■ **PROBLEM TO WORK ON**: Below are records. Copy every line with "finally" in it.

※

text \<open>Expand \<open>0 \<le> quad_form K (Ki *\<^sub>v b - u)\<close>.\<close>
lemma two_scalar_prod_le_quad_forms:
  fixes K Ki :: "real mat"
  assumes K: "psd n K" and Ki: "Ki \<in> carrier_mat n n" and KKi: "K * Ki = 1\<^sub>m n"
    and b: "b \<in> carrier_vec n" and u: "u \<in> carrier_vec n"
  shows "2 * (b \<bullet> u) \<le> quad_form Ki b + quad_form K u"
proof -
  have K_carrier: "K \<in> carrier_mat n n" and K_sym: "transpose_mat K = K"
    using K unfolding psd_def by auto
  define x where "x = Ki *\<^sub>v b - u"
  have x: "x \<in> carrier_vec n" using Ki b u by (simp add: x_def)
  have Kib: "Ki *\<^sub>v b \<in> carrier_vec n" using Ki b by simp
  have KKib: "K *\<^sub>v (Ki *\<^sub>v b) = b"
    using assoc_mult_mat_vec[OF K_carrier Ki b, symmetric] KKi b by simp
  have Kx: "K *\<^sub>v x = b - K *\<^sub>v u"
    unfolding x_def using mult_minus_distrib_mat_vec[OF K_carrier Kib u] KKib by simp
  have "quad_form K x = (Ki *\<^sub>v b) \<bullet> b - (Ki *\<^sub>v b) \<bullet> (K *\<^sub>v u) - (u \<bullet> b - u \<bullet> (K *\<^sub>v u))"
    unfolding Kx unfolding x_def using K_carrier b u Kib
    by (simp add: minus_scalar_prod_distrib[of _ n] scalar_prod_minus_distrib[of _ n])
  also have "(Ki *\<^sub>v b) \<bullet> (K *\<^sub>v u) = b \<bullet> u"
    using scalar_prod_mult_mat_vec_transpose[OF K_carrier Kib u] KKib K_sym by simp
  also have "(Ki *\<^sub>v b) \<bullet> b = quad_form Ki b" using comm_scalar_prod[OF Kib b] .
  also have "u \<bullet> b = b \<bullet> u" using comm_scalar_prod[OF u b] .
  finally show ?thesis using x K unfolding psd_def by force
qed

lemma congruence_le_imp_inverse_congruence_le:
  fixes S Si N Ni W :: "real mat"
  assumes S: "S \<in> carrier_mat p p" and Si: "Si \<in> carrier_mat p p" and SSi: "S * Si = 1\<^sub>m p"
    and N: "psd q N" and Ni: "Ni \<in> carrier_mat q q" and NNi: "N * Ni = 1\<^sub>m q"
    and W: "W \<in> carrier_mat p q"
    and le: "\<forall>u \<in> carrier_vec p. quad_form N (transpose_mat W *\<^sub>v u) \<le> quad_form S u"
    and v: "v \<in> carrier_vec q"
  shows "quad_form Si (W *\<^sub>v v) \<le> quad_form Ni v"
proof -
  define b where "b = W *\<^sub>v v"
  define u where "u = Si *\<^sub>v b"
  define a where "a = transpose_mat W *\<^sub>v u"
  have b: "b \<in> carrier_vec p" using W v b_def by simp
  have u: "u \<in> carrier_vec p" using Si b u_def by simp
  have a: "a \<in> carrier_vec q" using W u a_def by simp
  have Su: "S *\<^sub>v u = b"
    using assoc_mult_mat_vec[OF S Si b, symmetric] SSi b unfolding u_def by simp
  have "quad_form N a \<le> quad_form S u" using le u unfolding a_def by auto
  also have "\<dots> = b \<bullet> u" using Su comm_scalar_prod[OF u b] by simp
  finally have "quad_form N a \<le> b \<bullet> u" .
  moreover have "2 * (v \<bullet> a) \<le> quad_form Ni v + quad_form N a"
    by (rule two_scalar_prod_le_quad_forms[OF N Ni NNi v a])
  moreover have "v \<bullet> a = b \<bullet> u"
    using scalar_prod_mult_mat_vec_transpose[OF W v u] unfolding a_def b_def by simp
  ultimately show ?thesis unfolding b_def[symmetric] u_def[symmetric] by linarith
qed

lemma congruence_le_iff_inverse_congruence_le:
  fixes S Si N Ni W :: "real mat"
  assumes S: "psd p S" and Si: "Si \<in> carrier_mat p p" and SSi: "S * Si = 1\<^sub>m p" and SiS: "Si * S = 1\<^sub>m p"
    and N: "psd q N" and Ni: "Ni \<in> carrier_mat q q" and NNi: "N * Ni = 1\<^sub>m q" and NiN: "Ni * N = 1\<^sub>m q"
    and W: "W \<in> carrier_mat p q"
  shows "(\<forall>u \<in> carrier_vec p. quad_form N (transpose_mat W *\<^sub>v u) \<le> quad_form S u)
     \<longleftrightarrow> (\<forall>v \<in> carrier_vec q. quad_form Si (W *\<^sub>v v) \<le> quad_form Ni v)"
proof -
  have S_carrier: "S \<in> carrier_mat p p" and N_carrier: "N \<in> carrier_mat q q"
    using S N unfolding psd_def by auto
  have "psd p Si" by (rule psd_inverse[OF S Si SSi SiS])
  moreover have "transpose_mat W \<in> carrier_mat q p" using W by simp
  ultimately show ?thesis
    using congruence_le_imp_inverse_congruence_le[OF S_carrier Si SSi N Ni NNi W]
      congruence_le_imp_inverse_congruence_le[OF Ni N_carrier NiN _ S_carrier SiS, of "transpose_mat W"]
    by auto
qed

abbreviation swap_block_mat :: "nat \<Rightarrow> nat \<Rightarrow> 'a :: comm_ring_1 mat" where
  "swap_block_mat p q \<equiv> four_block_mat (0\<^sub>m p q) (- 1\<^sub>m p) (1\<^sub>m q) (0\<^sub>m q p)"

lemma swap_block_mat_transpose: "swap_block_mat q p = - transpose_mat (swap_block_mat p q)"
  by (rule eq_matI) auto

lemma swap_block_mat_mult_graph:
  fixes Z :: "'a :: comm_ring_1 mat"
  assumes Z: "Z \<in> carrier_mat p q" and v: "v \<in> carrier_vec q"
  shows "swap_block_mat p q *\<^sub>v ((1\<^sub>m q @\<^sub>r Z) *\<^sub>v v) = (- (Z *\<^sub>v v)) @\<^sub>v v"
  using mat_mult_append[of "1\<^sub>m q" q q Z p v] Z v
    four_block_mat_mult_vec[of "0\<^sub>m p q" p q "- 1\<^sub>m p" p "1\<^sub>m q" q "0\<^sub>m q p" v "Z *\<^sub>v v"]
  by (auto intro!: eq_vecI)

locale sym_block_schur =
  fixes p q :: nat and P11 P12 P22 :: "real mat"
  assumes P11: "P11 \<in> carrier_mat p p" and P12: "P12 \<in> carrier_mat p q"
    and P22: "P22 \<in> carrier_mat q q"
    and P11_sym: "transpose_mat P11 = P11" and P22_sym: "transpose_mat P22 = P22"
    and P22_det: "det P22 \<noteq> 0"
begin

abbreviation Psi :: "real mat" where
  "Psi \<equiv> four_block_mat P11 P12 (transpose_mat P12) P22"

abbreviation S :: "real mat" where
  "S \<equiv> P11 - P12 * mat_inv P22 * transpose_mat P12"

lemmas P22_inv = mat_inv_inverse[OF P22 P22_det]

lemma P22_inv_sym: "transpose_mat (mat_inv P22) = mat_inv P22"
  using inverse_of_sym_mat_sym[OF P22 P22_sym P22_inv(1,2)] .

lemma S_carrier: "S \<in> carrier_mat p p"
  using P12 P22_inv(1) by (intro minus_carrier_mat) auto

lemma S_sym: "transpose_mat S = S"
proof -
  have "transpose_mat (P12 * mat_inv P22 * transpose_mat P12) = P12 * mat_inv P22 * transpose_mat P12"
    using transpose_congruence[of "transpose_mat P12" q p "mat_inv P22"] P12 P22_inv(1) P22_inv_sym
    by simp
  then show ?thesis
    using transpose_minus[OF P11, of "P12 * mat_inv P22 * transpose_mat P12"] P11_sym P12 P22_inv(1)
    by simp
qed

lemma Psi_carrier: "Psi \<in> carrier_mat (p + q) (p + q)"
  using P11 P12 P22 by simp

lemma Psi_sym: "transpose_mat Psi = Psi"
  using transpose_four_block_mat[OF P11 P12 _ P22] P12 P11_sym P22_sym by simp

lemma Psi_mult_append_vec:
  assumes y1: "y1 \<in> carrier_vec p" and y2: "y2 \<in> carrier_vec q"
  shows "Psi *\<^sub>v (y1 @\<^sub>v y2) = (P11 *\<^sub>v y1 + P12 *\<^sub>v y2) @\<^sub>v (transpose_mat P12 *\<^sub>v y1 + P22 *\<^sub>v y2)"
  using four_block_mat_mult_vec[OF P11 P12 _ P22 y1 y2] P12 by simp

lemma S_mult_vec:
  assumes y: "y \<in> carrier_vec p"
  shows "S *\<^sub>v y = P11 *\<^sub>v y - P12 *\<^sub>v (mat_inv P22 *\<^sub>v (transpose_mat P12 *\<^sub>v y))"
proof -
  have "(P12 * mat_inv P22 * transpose_mat P12) *\<^sub>v y = (P12 * mat_inv P22) *\<^sub>v (transpose_mat P12 *\<^sub>v y)"
    using P12 P22_inv(1) y by (intro assoc_mult_mat_vec) auto
  also have "\<dots> = P12 *\<^sub>v (mat_inv P22 *\<^sub>v (transpose_mat P12 *\<^sub>v y))"
    using P12 P22_inv(1) y by (intro assoc_mult_mat_vec) auto
  finally show ?thesis
    using minus_mult_distrib_mat_vec[OF P11 _ y, of "P12 * mat_inv P22 * transpose_mat P12"] P12 P22_inv(1)
    by simp
qed

lemma quad_form_Psi:
  assumes y1: "y1 \<in> carrier_vec p" and y2: "y2 \<in> carrier_vec q"
  shows "quad_form Psi (y1 @\<^sub>v y2) = quad_form S y1
    + quad_form P22 (y2 + mat_inv P22 *\<^sub>v (transpose_mat P12 *\<^sub>v y1))"
proof -
  define c where "c = mat_inv P22 *\<^sub>v (transpose_mat P12 *\<^sub>v y1)"
  have c: "c \<in> carrier_vec q" using P22_inv(1) P12 y1 c_def by simp
  have t: "transpose_mat P12 *\<^sub>v y1 \<in> carrier_vec q" using P12 y1 by simp
  have P22c: "P22 *\<^sub>v c = transpose_mat P12 *\<^sub>v y1"
    unfolding c_def using assoc_mult_mat_vec[OF P22 P22_inv(1) t, symmetric] P22_inv(2) t by simp
  have carriers: "P11 *\<^sub>v y1 \<in> carrier_vec p" "P12 *\<^sub>v y2 \<in> carrier_vec p" "P12 *\<^sub>v c \<in> carrier_vec p"
    "P22 *\<^sub>v y2 \<in> carrier_vec q" "P22 *\<^sub>v c \<in> carrier_vec q"
    using P11 P12 P22 y1 y2 c by auto
  have lhs: "quad_form Psi (y1 @\<^sub>v y2)
     = y1 \<bullet> (P11 *\<^sub>v y1) + y1 \<bullet> (P12 *\<^sub>v y2) + (y2 \<bullet> (transpose_mat P12 *\<^sub>v y1) + y2 \<bullet> (P22 *\<^sub>v y2))"
    unfolding Psi_mult_append_vec[OF y1 y2]
    using scalar_prod_append[OF y1 y2, of "P11 *\<^sub>v y1 + P12 *\<^sub>v y2" "transpose_mat P12 *\<^sub>v y1 + P22 *\<^sub>v y2"]
      carriers t y1 y2
    by (simp add: scalar_prod_add_distrib[of _ p] scalar_prod_add_distrib[of _ q])
  have rhs1: "quad_form S y1 = y1 \<bullet> (P11 *\<^sub>v y1) - y1 \<bullet> (P12 *\<^sub>v c)"
    unfolding S_mult_vec[OF y1] c_def[symmetric] using carriers y1
    by (simp add: scalar_prod_minus_distrib[of _ p])
  have rhs2: "quad_form P22 (y2 + c)
     = y2 \<bullet> (P22 *\<^sub>v y2) + y2 \<bullet> (P22 *\<^sub>v c) + (c \<bullet> (P22 *\<^sub>v y2) + c \<bullet> (P22 *\<^sub>v c))"
    using mult_add_distrib_mat_vec[OF P22 y2 c] carriers y2 c
    by (simp add: add_scalar_prod_distrib[of _ q] scalar_prod_add_distrib[of _ q])
  have "c \<bullet> (P22 *\<^sub>v y2) = y1 \<bullet> (P12 *\<^sub>v y2)"
    using scalar_prod_mult_mat_vec_transpose[OF P22 y2 c] P22_sym P22c
      scalar_prod_mult_mat_vec_transpose[OF P12 y2 y1] comm_scalar_prod[OF carriers(2) y1]
      comm_scalar_prod[OF t y2] comm_scalar_prod[OF carriers(4) c]
    by simp
  moreover have "c \<bullet> (P22 *\<^sub>v c) = y1 \<bullet> (P12 *\<^sub>v c)"
    using P22c scalar_prod_mult_mat_vec_transpose[OF P12 c y1] comm_scalar_prod[OF carriers(3) y1]
      comm_scalar_prod[OF t c] by simp
  moreover have "y2 \<bullet> (P22 *\<^sub>v c) = y2 \<bullet> (transpose_mat P12 *\<^sub>v y1)" using P22c by simp
  ultimately show ?thesis unfolding c_def[symmetric] lhs rhs1 rhs2 by simp
qed

lemma Psi_mult_append_vec_eqD:
  assumes y1: "y1 \<in> carrier_vec p" and y2: "y2 \<in> carrier_vec q"
    and a: "a \<in> carrier_vec p" and b: "b \<in> carrier_vec q"
    and eq: "Psi *\<^sub>v (y1 @\<^sub>v y2) = a @\<^sub>v b"
  shows "S *\<^sub>v y1 = a - P12 *\<^sub>v (mat_inv P22 *\<^sub>v b)"
    and "y2 + mat_inv P22 *\<^sub>v (transpose_mat P12 *\<^sub>v y1) = mat_inv P22 *\<^sub>v b"
proof -
  have first: "P11 *\<^sub>v y1 + P12 *\<^sub>v y2 = a" and second: "transpose_mat P12 *\<^sub>v y1 + P22 *\<^sub>v y2 = b"
    using eq Psi_mult_append_vec[OF y1 y2] append_vec_eq[of "P11 *\<^sub>v y1 + P12 *\<^sub>v y2" p a]
      P11 P12 y1 y2 a
    by auto
  define c where "c = mat_inv P22 *\<^sub>v (transpose_mat P12 *\<^sub>v y1)"
  have c: "c \<in> carrier_vec q" using P22_inv(1) P12 y1 c_def by simp
  have t: "transpose_mat P12 *\<^sub>v y1 \<in> carrier_vec q" using P12 y1 by simp
  have "mat_inv P22 *\<^sub>v b = c + mat_inv P22 *\<^sub>v (P22 *\<^sub>v y2)"
    unfolding second[symmetric] c_def using mult_add_distrib_mat_vec[OF P22_inv(1) t] P22 y2 by simp
  also have "mat_inv P22 *\<^sub>v (P22 *\<^sub>v y2) = y2"
    using assoc_mult_mat_vec[OF P22_inv(1) P22 y2, symmetric] P22_inv(3) y2 by simp
  finally have inv_b: "mat_inv P22 *\<^sub>v b = c + y2" .
  then show "y2 + mat_inv P22 *\<^sub>v (transpose_mat P12 *\<^sub>v y1) = mat_inv P22 *\<^sub>v b"
    unfolding c_def[symmetric] using c y2 by (simp add: comm_add_vec)
  have "P12 *\<^sub>v (mat_inv P22 *\<^sub>v b) = P12 *\<^sub>v c + P12 *\<^sub>v y2"
    unfolding inv_b using mult_add_distrib_mat_vec[OF P12 c y2] .
  then show "S *\<^sub>v y1 = a - P12 *\<^sub>v (mat_inv P22 *\<^sub>v b)"
    unfolding S_mult_vec[OF y1] c_def[symmetric] first[symmetric]
    using P11 P12 y1 y2 c by (intro eq_vecI) auto
qed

※

■ **EXERCISE OUTPUT**:
  finally show ?thesis using x K unfolding psd_def by force
  finally have "quad_form N a \<le> b \<bullet> u" .
  finally show ?thesis
  finally have inv_b: "mat_inv P22 *\<^sub>v b = c + y2" .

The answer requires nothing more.